- Exercise
The task calls for each record to be given again exactly.
----- Records for this exercise
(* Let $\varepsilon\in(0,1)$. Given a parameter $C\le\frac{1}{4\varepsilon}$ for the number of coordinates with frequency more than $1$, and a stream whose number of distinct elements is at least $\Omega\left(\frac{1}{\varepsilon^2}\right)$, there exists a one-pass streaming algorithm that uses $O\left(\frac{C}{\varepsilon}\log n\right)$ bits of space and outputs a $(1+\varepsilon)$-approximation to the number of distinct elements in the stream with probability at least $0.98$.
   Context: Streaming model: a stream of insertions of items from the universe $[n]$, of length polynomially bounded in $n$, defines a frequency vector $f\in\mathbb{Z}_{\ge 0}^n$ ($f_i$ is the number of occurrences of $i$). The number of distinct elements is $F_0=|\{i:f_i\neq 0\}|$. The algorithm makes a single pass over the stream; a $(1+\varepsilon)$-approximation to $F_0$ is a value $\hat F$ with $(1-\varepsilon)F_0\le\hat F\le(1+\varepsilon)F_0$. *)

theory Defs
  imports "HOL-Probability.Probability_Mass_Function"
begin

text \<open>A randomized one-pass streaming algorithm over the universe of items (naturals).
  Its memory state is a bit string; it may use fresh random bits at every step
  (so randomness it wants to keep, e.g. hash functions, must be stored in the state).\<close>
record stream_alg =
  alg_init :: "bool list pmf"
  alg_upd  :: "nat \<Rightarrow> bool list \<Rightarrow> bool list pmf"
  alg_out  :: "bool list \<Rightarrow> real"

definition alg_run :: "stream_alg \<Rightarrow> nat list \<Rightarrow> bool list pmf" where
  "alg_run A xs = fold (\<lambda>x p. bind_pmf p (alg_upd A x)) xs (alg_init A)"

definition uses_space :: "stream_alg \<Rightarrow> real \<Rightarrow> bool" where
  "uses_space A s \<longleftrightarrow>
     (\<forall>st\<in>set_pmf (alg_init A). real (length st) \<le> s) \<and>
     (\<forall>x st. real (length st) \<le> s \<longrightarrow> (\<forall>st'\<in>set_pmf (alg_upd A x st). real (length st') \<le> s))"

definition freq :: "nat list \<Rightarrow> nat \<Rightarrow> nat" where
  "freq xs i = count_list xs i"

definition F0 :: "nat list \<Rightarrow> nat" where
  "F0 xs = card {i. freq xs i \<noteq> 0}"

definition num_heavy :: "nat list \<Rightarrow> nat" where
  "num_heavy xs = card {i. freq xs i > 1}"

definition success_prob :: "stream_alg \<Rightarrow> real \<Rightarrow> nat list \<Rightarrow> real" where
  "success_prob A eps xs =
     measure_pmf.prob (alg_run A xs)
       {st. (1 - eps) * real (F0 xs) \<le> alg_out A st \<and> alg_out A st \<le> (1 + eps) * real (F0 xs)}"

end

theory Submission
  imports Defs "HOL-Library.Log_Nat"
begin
----------
- Result of the exercise
(* Let $\varepsilon\in(0,1)$. Given a parameter $C\le\frac{1}{4\varepsilon}$ for the number of coordinates with frequency more than $1$, and a stream whose number of distinct elements is at least $\Omega\left(\frac{1}{\varepsilon^2}\right)$, there exists a one-pass streaming algorithm that uses $O\left(\frac{C}{\varepsilon}\log n\right)$ bits of space and outputs a $(1+\varepsilon)$-approximation to the number of distinct elements in the stream with probability at least $0.98$.
   Context: Streaming model: a stream of insertions of items from the universe $[n]$, of length polynomially bounded in $n$, defines a frequency vector $f\in\mathbb{Z}_{\ge 0}^n$ ($f_i$ is the number of occurrences of $i$). The number of distinct elements is $F_0=|\{i:f_i\neq 0\}|$. The algorithm makes a single pass over the stream; a $(1+\varepsilon)$-approximation to $F_0$ is a value $\hat F$ with $(1-\varepsilon)F_0\le\hat F\le(1+\varepsilon)F_0$. *)

theory Defs
  imports "HOL-Probability.Probability_Mass_Function"
begin

text \<open>A randomized one-pass streaming algorithm over the universe of items (naturals).
  Its memory state is a bit string; it may use fresh random bits at every step
  (so randomness it wants to keep, e.g. hash functions, must be stored in the state).\<close>
record stream_alg =
  alg_init :: "bool list pmf"
  alg_upd  :: "nat \<Rightarrow> bool list \<Rightarrow> bool list pmf"
  alg_out  :: "bool list \<Rightarrow> real"

definition alg_run :: "stream_alg \<Rightarrow> nat list \<Rightarrow> bool list pmf" where
  "alg_run A xs = fold (\<lambda>x p. bind_pmf p (alg_upd A x)) xs (alg_init A)"

definition uses_space :: "stream_alg \<Rightarrow> real \<Rightarrow> bool" where
  "uses_space A s \<longleftrightarrow>
     (\<forall>st\<in>set_pmf (alg_init A). real (length st) \<le> s) \<and>
     (\<forall>x st. real (length st) \<le> s \<longrightarrow> (\<forall>st'\<in>set_pmf (alg_upd A x st). real (length st') \<le> s))"

definition freq :: "nat list \<Rightarrow> nat \<Rightarrow> nat" where
  "freq xs i = count_list xs i"

definition F0 :: "nat list \<Rightarrow> nat" where
  "F0 xs = card {i. freq xs i \<noteq> 0}"

definition num_heavy :: "nat list \<Rightarrow> nat" where
  "num_heavy xs = card {i. freq xs i > 1}"

definition success_prob :: "stream_alg \<Rightarrow> real \<Rightarrow> nat list \<Rightarrow> real" where
  "success_prob A eps xs =
     measure_pmf.prob (alg_run A xs)
       {st. (1 - eps) * real (F0 xs) \<le> alg_out A st \<and> alg_out A st \<le> (1 + eps) * real (F0 xs)}"

end

theory Submission
  imports Defs "HOL-Library.Log_Nat"
begin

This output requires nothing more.